* _ACTIVITY_: Using the listing below, copy every line that mentions "unfolding".

* _EXERCISE INPUTS_:

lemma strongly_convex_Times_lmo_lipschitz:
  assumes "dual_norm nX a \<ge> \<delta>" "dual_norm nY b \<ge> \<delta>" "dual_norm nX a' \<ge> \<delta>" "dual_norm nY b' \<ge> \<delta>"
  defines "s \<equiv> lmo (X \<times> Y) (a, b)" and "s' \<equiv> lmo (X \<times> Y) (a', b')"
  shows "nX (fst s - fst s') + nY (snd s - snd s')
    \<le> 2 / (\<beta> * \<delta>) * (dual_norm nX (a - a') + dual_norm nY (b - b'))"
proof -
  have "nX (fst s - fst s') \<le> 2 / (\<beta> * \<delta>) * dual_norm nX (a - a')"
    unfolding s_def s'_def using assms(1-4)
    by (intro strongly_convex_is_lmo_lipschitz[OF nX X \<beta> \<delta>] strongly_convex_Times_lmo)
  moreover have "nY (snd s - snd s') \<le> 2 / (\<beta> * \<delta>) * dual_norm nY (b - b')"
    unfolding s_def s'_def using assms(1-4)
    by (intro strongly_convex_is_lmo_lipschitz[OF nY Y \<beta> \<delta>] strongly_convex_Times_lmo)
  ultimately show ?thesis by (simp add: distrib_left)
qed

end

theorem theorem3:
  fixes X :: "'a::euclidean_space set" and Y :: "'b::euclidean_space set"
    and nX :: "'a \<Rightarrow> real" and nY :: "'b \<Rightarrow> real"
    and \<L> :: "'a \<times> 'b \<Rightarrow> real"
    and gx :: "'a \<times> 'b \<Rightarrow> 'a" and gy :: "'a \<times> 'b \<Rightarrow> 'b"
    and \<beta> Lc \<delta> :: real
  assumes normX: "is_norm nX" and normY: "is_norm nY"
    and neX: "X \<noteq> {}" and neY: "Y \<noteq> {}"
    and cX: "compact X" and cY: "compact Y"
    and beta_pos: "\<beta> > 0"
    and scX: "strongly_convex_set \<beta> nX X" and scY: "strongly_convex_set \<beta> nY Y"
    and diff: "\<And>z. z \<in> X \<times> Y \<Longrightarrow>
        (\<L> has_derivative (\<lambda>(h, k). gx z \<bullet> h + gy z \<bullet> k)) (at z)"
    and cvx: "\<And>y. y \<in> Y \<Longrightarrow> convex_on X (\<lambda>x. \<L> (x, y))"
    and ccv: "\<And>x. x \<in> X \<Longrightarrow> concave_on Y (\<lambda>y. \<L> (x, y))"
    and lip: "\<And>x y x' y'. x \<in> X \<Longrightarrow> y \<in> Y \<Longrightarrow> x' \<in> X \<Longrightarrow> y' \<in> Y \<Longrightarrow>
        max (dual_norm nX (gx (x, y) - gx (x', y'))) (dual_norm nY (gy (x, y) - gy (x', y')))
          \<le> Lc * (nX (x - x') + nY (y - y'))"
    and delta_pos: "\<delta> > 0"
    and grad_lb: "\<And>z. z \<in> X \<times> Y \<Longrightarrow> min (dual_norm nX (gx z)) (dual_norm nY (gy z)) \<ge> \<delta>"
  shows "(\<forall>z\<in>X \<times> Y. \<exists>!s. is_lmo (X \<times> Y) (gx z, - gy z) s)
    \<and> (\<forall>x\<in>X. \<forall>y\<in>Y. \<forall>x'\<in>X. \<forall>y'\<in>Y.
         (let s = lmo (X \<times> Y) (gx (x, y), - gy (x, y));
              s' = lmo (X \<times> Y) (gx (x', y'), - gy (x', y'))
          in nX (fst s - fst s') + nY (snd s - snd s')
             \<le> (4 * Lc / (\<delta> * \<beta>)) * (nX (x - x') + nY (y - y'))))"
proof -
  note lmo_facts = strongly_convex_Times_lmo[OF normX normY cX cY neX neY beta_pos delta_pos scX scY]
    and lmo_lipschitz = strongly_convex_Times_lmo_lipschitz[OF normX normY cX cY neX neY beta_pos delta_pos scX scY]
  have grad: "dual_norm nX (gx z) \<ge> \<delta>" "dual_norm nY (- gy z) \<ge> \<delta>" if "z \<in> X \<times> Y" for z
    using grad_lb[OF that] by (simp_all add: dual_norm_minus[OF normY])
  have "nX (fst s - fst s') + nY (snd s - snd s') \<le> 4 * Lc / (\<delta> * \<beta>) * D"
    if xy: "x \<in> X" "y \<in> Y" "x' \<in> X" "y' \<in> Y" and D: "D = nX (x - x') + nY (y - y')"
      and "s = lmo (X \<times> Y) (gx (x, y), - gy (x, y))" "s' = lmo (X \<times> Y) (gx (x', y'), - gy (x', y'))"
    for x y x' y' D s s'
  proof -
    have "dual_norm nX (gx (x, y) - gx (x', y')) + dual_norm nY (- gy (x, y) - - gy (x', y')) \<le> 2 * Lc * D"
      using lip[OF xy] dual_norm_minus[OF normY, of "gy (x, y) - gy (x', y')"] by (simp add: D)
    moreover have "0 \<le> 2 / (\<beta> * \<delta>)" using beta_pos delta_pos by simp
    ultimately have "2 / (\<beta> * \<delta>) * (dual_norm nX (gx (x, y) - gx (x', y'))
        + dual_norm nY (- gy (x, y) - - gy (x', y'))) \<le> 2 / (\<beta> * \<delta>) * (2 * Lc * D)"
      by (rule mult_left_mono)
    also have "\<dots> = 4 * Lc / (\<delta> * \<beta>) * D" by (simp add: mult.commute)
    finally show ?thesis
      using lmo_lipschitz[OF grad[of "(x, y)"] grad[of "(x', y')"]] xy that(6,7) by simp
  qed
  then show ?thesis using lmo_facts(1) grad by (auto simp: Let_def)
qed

---

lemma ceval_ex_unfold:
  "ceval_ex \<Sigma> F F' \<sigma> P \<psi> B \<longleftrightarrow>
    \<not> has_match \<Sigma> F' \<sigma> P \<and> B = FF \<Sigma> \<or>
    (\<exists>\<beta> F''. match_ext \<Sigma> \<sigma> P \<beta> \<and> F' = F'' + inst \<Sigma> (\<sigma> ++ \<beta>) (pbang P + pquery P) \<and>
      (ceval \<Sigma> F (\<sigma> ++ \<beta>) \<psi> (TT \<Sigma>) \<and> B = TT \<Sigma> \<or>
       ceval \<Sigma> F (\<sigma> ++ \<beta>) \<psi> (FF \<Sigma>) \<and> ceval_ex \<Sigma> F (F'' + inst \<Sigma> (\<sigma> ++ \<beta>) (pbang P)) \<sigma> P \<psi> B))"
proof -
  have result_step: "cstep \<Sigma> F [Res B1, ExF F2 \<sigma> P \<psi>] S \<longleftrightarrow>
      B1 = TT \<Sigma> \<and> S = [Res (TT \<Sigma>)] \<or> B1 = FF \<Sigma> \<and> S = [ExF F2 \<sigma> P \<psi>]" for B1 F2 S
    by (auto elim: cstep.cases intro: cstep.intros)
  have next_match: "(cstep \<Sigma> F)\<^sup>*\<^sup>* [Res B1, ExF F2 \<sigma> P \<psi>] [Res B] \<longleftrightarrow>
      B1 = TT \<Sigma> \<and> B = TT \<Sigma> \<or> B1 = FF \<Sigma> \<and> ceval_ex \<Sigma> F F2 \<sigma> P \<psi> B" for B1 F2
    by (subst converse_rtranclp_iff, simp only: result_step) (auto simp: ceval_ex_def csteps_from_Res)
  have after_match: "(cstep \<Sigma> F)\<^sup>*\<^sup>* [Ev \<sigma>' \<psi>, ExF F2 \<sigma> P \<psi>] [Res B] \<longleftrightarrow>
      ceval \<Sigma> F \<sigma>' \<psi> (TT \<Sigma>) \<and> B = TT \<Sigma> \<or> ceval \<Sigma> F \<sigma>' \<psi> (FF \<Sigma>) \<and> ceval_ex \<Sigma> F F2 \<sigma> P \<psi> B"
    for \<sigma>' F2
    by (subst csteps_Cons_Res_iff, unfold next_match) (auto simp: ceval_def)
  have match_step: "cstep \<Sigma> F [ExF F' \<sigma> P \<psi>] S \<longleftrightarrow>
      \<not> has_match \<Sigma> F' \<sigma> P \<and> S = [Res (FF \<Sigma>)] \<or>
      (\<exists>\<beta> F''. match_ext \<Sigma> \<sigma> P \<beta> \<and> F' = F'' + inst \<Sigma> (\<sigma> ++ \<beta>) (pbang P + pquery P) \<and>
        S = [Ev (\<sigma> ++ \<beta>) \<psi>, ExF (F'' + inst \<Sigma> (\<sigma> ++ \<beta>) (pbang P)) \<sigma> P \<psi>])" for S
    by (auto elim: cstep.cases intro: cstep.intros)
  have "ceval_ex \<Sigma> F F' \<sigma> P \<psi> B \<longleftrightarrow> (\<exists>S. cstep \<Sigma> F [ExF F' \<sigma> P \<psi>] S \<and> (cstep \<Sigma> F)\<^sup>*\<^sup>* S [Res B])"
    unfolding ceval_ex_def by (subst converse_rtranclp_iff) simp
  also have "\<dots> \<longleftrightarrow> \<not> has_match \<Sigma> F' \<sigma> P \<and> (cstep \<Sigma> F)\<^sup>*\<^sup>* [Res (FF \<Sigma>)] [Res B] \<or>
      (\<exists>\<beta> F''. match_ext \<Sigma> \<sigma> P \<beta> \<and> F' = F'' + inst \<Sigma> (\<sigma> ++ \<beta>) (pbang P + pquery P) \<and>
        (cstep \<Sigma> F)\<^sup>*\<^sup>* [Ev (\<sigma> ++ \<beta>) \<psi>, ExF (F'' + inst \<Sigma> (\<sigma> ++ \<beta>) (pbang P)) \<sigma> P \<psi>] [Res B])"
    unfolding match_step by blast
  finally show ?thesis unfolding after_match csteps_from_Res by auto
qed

* _TASK SOLUTION_:
    unfolding s_def s'_def using assms(1-4)
    unfolding s_def s'_def using assms(1-4)
    unfolding ceval_ex_def by (subst converse_rtranclp_iff) simp
    unfolding match_step by blast
  finally show ?thesis unfolding after_match csteps_from_Res by auto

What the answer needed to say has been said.